Question: was this a fluke? Or is this really possible? Even if it is
possible, is it a good idea, or will the fact that the Powerbook image
expects to manage Powerbook-specific items (like an airport card,
missing in the Sawtooth) mean that I risk corruption of the original
image? Are there programs that I should avoid using, like Toast, that
talk to external hardware? I need to send my Powerbook in for
service, and it would be oh-so-nice to simply boot the backup disk on
the Sawtooth until the Powerbook comes back, then re-copy the image
back to the Powerbook.

There is no simple, categorical answer that covers all the permutations,
but OS X installations are generally "universal": they'll work on any
Mac officially supported by the OS version.

Unlike the pre-X installers, OS X retail ("reference") installers do not
create systems customized for a particular hardware configuration. All
components needed by any supported model will be installed. Hardware
customization of OS X is essentially done at startup, when extensions
are loaded according to the hardware components detected. (Some
extensions load "dynamically" as needed later on.) The system does
create a cache to speed up normal booting; but if it finds itself
running on different hardware at startup, it goes through the full
process of selecting the proper extensions and rebuilding the cache.

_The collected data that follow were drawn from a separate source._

lemma norm_fps_nth_le_bound:
  fixes f :: "complex fps"
  assumes radius: "1 \<le> fps_conv_radius f"
    and bound: "\<And>z. norm z < 1 \<Longrightarrow> norm (eval_fps f z) \<le> K"
  shows "norm (fps_nth f j) \<le> K"
proof -
  have cauchy: "norm (fps_nth f j) * r ^ j \<le> K" if r: "0 < r" "r < 1" for r
  proof -
    have disc: "cball 0 r \<subseteq> eball 0 (fps_conv_radius f)"
      using r radius by (auto simp: subset_eq dist_norm intro: less_le_trans[of _ 1])
    have estimate: "norm ((deriv ^^ j) (eval_fps f) 0) \<le> fact j * K / r ^ j"
    proof (rule Cauchy_inequality)
      show "eval_fps f holomorphic_on ball 0 r"
        by (rule holomorphic_on_eval_fps) (use disc in auto)
      show "continuous_on (cball 0 r) (eval_fps f)"
        by (rule continuous_on_subset[OF continuous_on_eval_fps disc])
    qed (use r bound in auto)
    have "fps_nth f j = (deriv ^^ j) (eval_fps f) 0 / fact j"
      by (rule fps_nth_conv_deriv) (use radius in \<open>auto intro: less_le_trans[of _ 1]\<close>)
    then have "norm (fps_nth f j) = norm ((deriv ^^ j) (eval_fps f) 0) / fact j"
      by (simp add: norm_divide)
    also have "\<dots> \<le> (fact j * K / r ^ j) / fact j"
      by (rule divide_right_mono[OF estimate]) simp
    finally show ?thesis using r by (simp add: field_simps)
  qed
  have "((\<lambda>r. norm (fps_nth f j) * r ^ j) \<longlongrightarrow> norm (fps_nth f j) * 1 ^ j) (at_left 1)"
    by (intro tendsto_intros)
  moreover have "\<forall>\<^sub>F r in at_left 1. norm (fps_nth f j) * r ^ j \<le> K"
    by (subst eventually_at_left[of 0]) (auto intro!: exI[of _ 0] cauchy)
  ultimately show ?thesis
    by (auto intro: tendsto_upperbound)
qed

lemma wiener_unique:
  assumes "a \<in> wiener" "b \<in> wiener" "\<And>z. norm z < 1 \<Longrightarrow> wfun a z = wfun b z"
  shows "a = b"
proof
  fix j
  let ?f = "Abs_fps (\<lambda>n. a n - b n)"
  have nth: "fps_nth ?f = (\<lambda>n. a n - b n)" by (simp add: fun_eq_iff)
  then have "fps_nth ?f \<in> wiener" using wiener_diff(1)[OF assms(1,2)] by simp
  then have "norm (fps_nth ?f j) \<le> 0"
    by (rule norm_fps_nth_le_bound[OF wiener_fps_conv_radius])
       (simp add: eval_fps_eq_wfun nth wfun_diff assms)
  then show "a j = b j" by simp
qed

lemma fps_nth_mult_eq_0_above:
  fixes f g :: "'a::semiring_0 fps"
  assumes "\<And>n. M < n \<Longrightarrow> fps_nth f n = 0" "\<And>n. N < n \<Longrightarrow> fps_nth g n = 0" "M + N < n"
  shows "fps_nth (f * g) n = 0"
  unfolding fps_mult_nth
proof (rule sum.neutral, rule ballI)
  fix i assume "i \<in> {0..n}"
  show "fps_nth f i * fps_nth g (n - i) = 0"
  proof (cases "M < i")
    case False
    then have "N < n - i" using assms(3) by linarith
    then show ?thesis using assms(2) by simp
  qed (use assms(1) in simp)
qed

lemma fps_nth_power_eq_0_above:
  fixes f :: "'a::semiring_1 fps"
  assumes "\<And>n. N < n \<Longrightarrow> fps_nth f n = 0"
  shows "k * N < n \<Longrightarrow> fps_nth (f ^ k) n = 0"
proof (induction k arbitrary: n)
  case (Suc k)
  show ?case unfolding power_Suc
    by (rule fps_nth_mult_eq_0_above[of N _ "k * N"]) (use assms Suc in auto)
qed simp

lemma wnorm_power_finite_support_le:
  fixes Q :: "complex fps"
  assumes support: "\<And>n. N < n \<Longrightarrow> fps_nth Q n = 0"
    and bound: "\<And>z. norm z < 1 \<Longrightarrow> norm (eval_fps Q z) \<le> c"
  shows "wnorm (fps_nth (Q ^ k)) \<le> (real k * real N + 1) * c ^ k"
proof -
  have Q: "fps_nth Q \<in> wiener" by (rule wiener_finite_support(1)[OF support])
  have Qk: "fps_nth (Q ^ k) \<in> wiener" by (rule wiener_fps_power(1)[OF Q])
  have "norm (fps_nth (Q ^ k) n) \<le> c ^ k" for n
  proof (rule norm_fps_nth_le_bound[OF wiener_fps_conv_radius[OF Qk]])
    fix z :: complex assume "norm z < 1"
    then show "norm (eval_fps (Q ^ k) z) \<le> c ^ k"
      using eval_fps_power[OF wiener_fps_in_radius[OF Q]] bound
      by (simp add: norm_power power_mono)
  qed
  then show ?thesis
    using wiener_finite_support(2)[of "k * N" "fps_nth (Q ^ k)" "c ^ k"]
          fps_nth_power_eq_0_above[OF support]
    by simp
qed

lemma wnorm_power_add_le:
  fixes Q R :: "complex fps"
  assumes "fps_nth Q \<in> wiener" "fps_nth R \<in> wiener"
  shows "wnorm (fps_nth ((Q + R) ^ n))
           \<le> (\<Sum>k\<le>n. real (n choose k) * wnorm (fps_nth (Q ^ k)) * wnorm (fps_nth (R ^ (n - k))))"
proof -
  define T where "T k = fps_nth (Q ^ k * R ^ (n - k))" for k
  have T: "T k \<in> wiener" "wnorm (T k) \<le> wnorm (fps_nth (Q ^ k)) * wnorm (fps_nth (R ^ (n - k)))" for k
    unfolding T_def using wiener_fps_mult wiener_fps_power(1) assms by blast+
  have "fps_nth ((Q + R) ^ n) = (\<lambda>m. \<Sum>k\<le>n. of_nat (n choose k) * T k m)"
    by (simp add: binomial_ring fps_sum_nth fps_of_nat T_def mult.assoc fun_eq_iff)
  then have "wnorm (fps_nth ((Q + R) ^ n)) = wnorm (\<lambda>m. \<Sum>k\<le>n. of_nat (n choose k) * T k m)"
    by simp
  also have "\<dots> \<le> (\<Sum>k\<le>n. wnorm (\<lambda>m. of_nat (n choose k) * T k m))"
    by (rule wiener_sum(2)) (use wiener_cmult(1)[OF T(1)] in blast)
  also have "\<dots> \<le> (\<Sum>k\<le>n. real (n choose k) * wnorm (fps_nth (Q ^ k)) * wnorm (fps_nth (R ^ (n - k))))"
    by (intro sum_mono) (simp add: wiener_cmult(2)[OF T(1)] mult.assoc mult_left_mono T(2))
  finally show ?thesis .
qed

There is no guarantee that a system from an OEM installer disc (bundled
with a Mac) will run correctly on a different model: if you want to
create a universal boot system, it's best to use one created by a retail
installer. Consult Mactracker for the range of OS versions that
particular Mac models can boot.

FireWire bootability depends on the Mac model and its firmware, the FW
controller, the FW bridge chip and its firmware, and (occasionally) on
the drive. Generally, most Macs can boot most versions of OS X from most
drives (hard or optical) through most bridge chips. The exceptions to
this rule usually involve incompatible bridge chips or third-party
FireWire adapters.

.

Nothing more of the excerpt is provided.